[WORK REQUEST] Look through the material below. Return exactly the lines from the one with "x V \<subseteq>" through the one with "t)) \<in> coset_of", both included.

[MATERIAL FOR THE TASK]
lemma coset_of_iff: "z \<in> coset_of x V \<longleftrightarrow> (\<exists>v\<in>V. z = (\<lambda>t. x t + v t))"
  by (auto simp: coset_of_def ga_add_def)

lemma coset_ofI: "v \<in> V \<Longrightarrow> (\<lambda>t. x t + v t) \<in> coset_of x V"
  by (auto simp: coset_of_iff)

lemma coset_of_eq_iff:
  assumes "fun_subspace V"
  shows "coset_of x V = coset_of y V \<longleftrightarrow> (\<lambda>t. x t - y t) \<in> V"
proof
  assume eq: "coset_of x V = coset_of y V"
  have "x \<in> coset_of x V"
    using coset_ofI[OF fun_subspace_zero[OF assms], of x] by simp
  then obtain v where "v \<in> V" "x = (\<lambda>t. y t + v t)" unfolding eq coset_of_iff by blast
  then show "(\<lambda>t. x t - y t) \<in> V" by simp
next
  have sub: "coset_of x V \<subseteq> coset_of y V" if xy: "(\<lambda>t. x t - y t) \<in> V" for x y
  proof
    fix z assume "z \<in> coset_of x V"
    then obtain v where v: "v \<in> V" "z = (\<lambda>t. x t + v t)" unfolding coset_of_iff by blast
    have "(\<lambda>t. y t + ((x t - y t) + v t)) \<in> coset_of y V"
      using fun_subspace_add[OF assms xy v(1)] by (rule coset_ofI)
    then show "z \<in> coset_of y V" using v(2) by simp
  qed
  assume xy: "(\<lambda>t. x t - y t) \<in> V"
  moreover have "(\<lambda>t. y t - x t) \<in> V" using fun_subspace_scale[OF assms xy, of "-1"] by simp
  ultimately show "coset_of x V = coset_of y V" using sub by blast
qed

lemma set_mult_iff:
  "u \<in> set_mult G M N \<longleftrightarrow>
    (\<exists>(n::nat) f g. u = (\<lambda>t. \<Sum>i<n. ga_mult G (f i) (g i) t) \<and> (\<forall>i<n. f i \<in> M \<and> g i \<in> N))"
  by (simp add: set_mult_def)

lemma sum_lessThan_add: "(\<Sum>i<m + (n::nat). f i) = (\<Sum>i<m. f i) + (\<Sum>i<n. f (i + m))"
  by (induction n) (simp_all add: ac_simps)

lemma set_multI:
  "(\<And>i. i < (n::nat) \<Longrightarrow> f i \<in> M \<and> g i \<in> N) \<Longrightarrow>
    (\<lambda>t. \<Sum>i<n. ga_mult G (f i) (g i) t) \<in> set_mult G M N"
  unfolding set_mult_def by (rule CollectI, rule exI[of _ n], rule exI[of _ f], rule exI[of _ g]) simp

lemma set_add_iff: "u \<in> set_add A D \<longleftrightarrow> (\<exists>a\<in>A. \<exists>d\<in>D. u = (\<lambda>t. a t + d t))"
  by (auto simp: set_add_def ga_add_def)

[ANSWER AREA]
  have sub: "coset_of x V \<subseteq> coset_of y V" if xy: "(\<lambda>t. x t - y t) \<in> V" for x y
  proof
    fix z assume "z \<in> coset_of x V"
    then obtain v where v: "v \<in> V" "z = (\<lambda>t. x t + v t)" unfolding coset_of_iff by blast
    have "(\<lambda>t. y t + ((x t - y t) + v t)) \<in> coset_of y V"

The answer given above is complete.